text \<open>Whatever the value of A, the inner loop of iteration k stops at the latest at any
  N \<ge> 1 with \<open>\<epsilon>(N) \<le> 2\<^sup>-\<^sup>k/2\<close>. Hence the counter after k iterations is at most every
  such N, and \<open>N\<^sub>M > n\<close> forces the first k coins to be 1 for every k with
  \<open>\<epsilon>(n) \<le> 2\<^sup>-\<^sup>k/2\<close>. Taking the largest such k bounds the probability by
  \<open>2\<^sup>-\<^sup>k < 4\<epsilon>(n)\<close>. Under \<open>\<epsilon>(n) \<le> K/n\<^sup>r\<close> the counter after k iterations therefore grows at
  most like \<open>2\<^sup>k\<^sup>/\<^sup>r\<close>, which the probability \<open>2\<^sup>-\<^sup>k\<close> of reaching iteration k + 1 outweighs
  since r > 1.\<close>

definition counter :: "(nat \<Rightarrow> real) \<Rightarrow> (nat \<Rightarrow> real) \<Rightarrow> nat \<Rightarrow> nat" where
  "counter a eps k = fst (alg_state a eps k)"

definition stop_time :: "(nat \<Rightarrow> 'w \<Rightarrow> bool) \<Rightarrow> 'w \<Rightarrow> nat" where
  "stop_time X \<omega> = (LEAST k. 1 \<le> k \<and> \<not> X k \<omega>)"

definition heads_upto :: "'w measure \<Rightarrow> (nat \<Rightarrow> 'w \<Rightarrow> bool) \<Rightarrow> nat \<Rightarrow> 'w set" where
  "heads_upto M X k = {\<omega> \<in> space M. \<forall>j\<in>{1..k}. X j \<omega>}"

lemma NM_eq_counter_stop_time: "NM a eps X \<omega> = counter a eps (stop_time X \<omega>)"
  by (simp add: NM_def counter_def stop_time_def)

lemma stop_time_le: "1 \<le> j \<Longrightarrow> \<not> X j \<omega> \<Longrightarrow> stop_time X \<omega> \<le> j"
  unfolding stop_time_def by (rule Least_le) simp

• • • •

(EXERCISE BRIEF) What is needed here is an exact copy of all the records above.

(WRITTEN ANSWER)
text \<open>Whatever the value of A, the inner loop of iteration k stops at the latest at any
  N \<ge> 1 with \<open>\<epsilon>(N) \<le> 2\<^sup>-\<^sup>k/2\<close>. Hence the counter after k iterations is at most every
  such N, and \<open>N\<^sub>M > n\<close> forces the first k coins to be 1 for every k with
  \<open>\<epsilon>(n) \<le> 2\<^sup>-\<^sup>k/2\<close>. Taking the largest such k bounds the probability by
  \<open>2\<^sup>-\<^sup>k < 4\<epsilon>(n)\<close>. Under \<open>\<epsilon>(n) \<le> K/n\<^sup>r\<close> the counter after k iterations therefore grows at
  most like \<open>2\<^sup>k\<^sup>/\<^sup>r\<close>, which the probability \<open>2\<^sup>-\<^sup>k\<close> of reaching iteration k + 1 outweighs
  since r > 1.\<close>

definition counter :: "(nat \<Rightarrow> real) \<Rightarrow> (nat \<Rightarrow> real) \<Rightarrow> nat \<Rightarrow> nat" where
  "counter a eps k = fst (alg_state a eps k)"

definition stop_time :: "(nat \<Rightarrow> 'w \<Rightarrow> bool) \<Rightarrow> 'w \<Rightarrow> nat" where
  "stop_time X \<omega> = (LEAST k. 1 \<le> k \<and> \<not> X k \<omega>)"

definition heads_upto :: "'w measure \<Rightarrow> (nat \<Rightarrow> 'w \<Rightarrow> bool) \<Rightarrow> nat \<Rightarrow> 'w set" where
  "heads_upto M X k = {\<omega> \<in> space M. \<forall>j\<in>{1..k}. X j \<omega>}"

lemma NM_eq_counter_stop_time: "NM a eps X \<omega> = counter a eps (stop_time X \<omega>)"
  by (simp add: NM_def counter_def stop_time_def)

lemma stop_time_le: "1 \<le> j \<Longrightarrow> \<not> X j \<omega> \<Longrightarrow> stop_time X \<omega> \<le> j"
  unfolding stop_time_def by (rule Least_le) simp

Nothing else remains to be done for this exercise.